# Installing a safe in an Autotrail



## Chetty (Mar 23, 2007)

We are needing to install a decent safe in our Apache, can anyone give advice on type and for siting and any installation issues as we are reluctant to start drilling only to regret it later.

Rob & Di


----------



## sergeant (Jun 7, 2006)

Hi Chetty, Whenever i fit them at work i always fit them under one of the bed boxes, there is always room somewhere & if in doubt use a bit of cardboard as the size & hole location template, Steve


----------



## 101411 (Oct 15, 2006)

Hi we bought one of those £25 digital safes from B&Q. Stuck it in a cupboard on the floor and bolted it through the floor using long bolts, big washers and nylok nuts.

Not the most secure of safes but was reasonably lightweight, reasonably priced and more than adequate to stop the opportunist thief breaking in to your pride and joy and helping themselves.

Dazzer


----------



## 103902 (Apr 15, 2007)

Hi,I put a safe under dinette seat next to water heater,hope this helps.
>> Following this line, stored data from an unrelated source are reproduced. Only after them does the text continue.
lemma norm_hofH_sum_narayana_le:
  fixes z :: complex
  assumes "norm z = 1"
  shows "norm (hofH_sum z (narayana (k + 6))) \<le>
           norm (1 + z ^ narayana (k + 4)) * norm (hofH_sum z (narayana (k + 3)))
           + norm (hofH_sum z (narayana (k + 2))) + norm (hofH_sum z (narayana (k + 1)))"
proof -
  have unit: "norm (z ^ j) = 1" for j
    by (simp add: norm_power assms)
  have eq: "hofH_sum z (narayana (k + 6)) =
          (1 + z ^ narayana (k + 4)) * hofH_sum z (narayana (k + 3))
          + z ^ narayana (k + 3) * hofH_sum z (narayana (k + 2))
          + z ^ narayana (k + 2) * hofH_sum z (narayana (k + 1))"
    using hofH_sum_narayana_rec[of z "k + 2"] hofH_sum_narayana_rec[of z "k + 1"]
      hofH_sum_narayana_rec[of z k]
    by (simp add: algebra_simps numeral_eq_Suc)
  have "norm (hofH_sum z (narayana (k + 6))) \<le>
          norm ((1 + z ^ narayana (k + 4)) * hofH_sum z (narayana (k + 3)))
          + norm (z ^ narayana (k + 3) * hofH_sum z (narayana (k + 2)))
          + norm (z ^ narayana (k + 2) * hofH_sum z (narayana (k + 1)))"
    unfolding eq by (rule order_trans[OF norm_triangle_ineq add_right_mono[OF norm_triangle_ineq]])
  then show ?thesis
    by (simp add: norm_mult unit)
qed

lemma le_power_two_mult:
  fixes a :: "nat \<Rightarrow> real"
  assumes "\<And>k. a (Suc k) \<le> 2 * a k"
  shows "a (p + d) \<le> 2 ^ d * a p"
proof (induction d)
  case (Suc d)
  then show ?case
    using assms[of "p + d"] by simp
qed simp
Ray


----------



## TinaGlenn (Jul 7, 2006)

We have got a non electric/digital one, small but adequate for money and paperwork. it is bolted to the floor door uppermost.
We got it in a stationary shop a few years ago cost then was about £15.
We sat it in several places when decided where to site it, as we wanted it to be easily accessible, no point making so hard to get at that you don't use it. Also needed to make sure that no pipework or wiring would be in the way. One other thing to watch is that when installing you do not drill into the chassis as this could invalidate any warrantee on it.


Tina


----------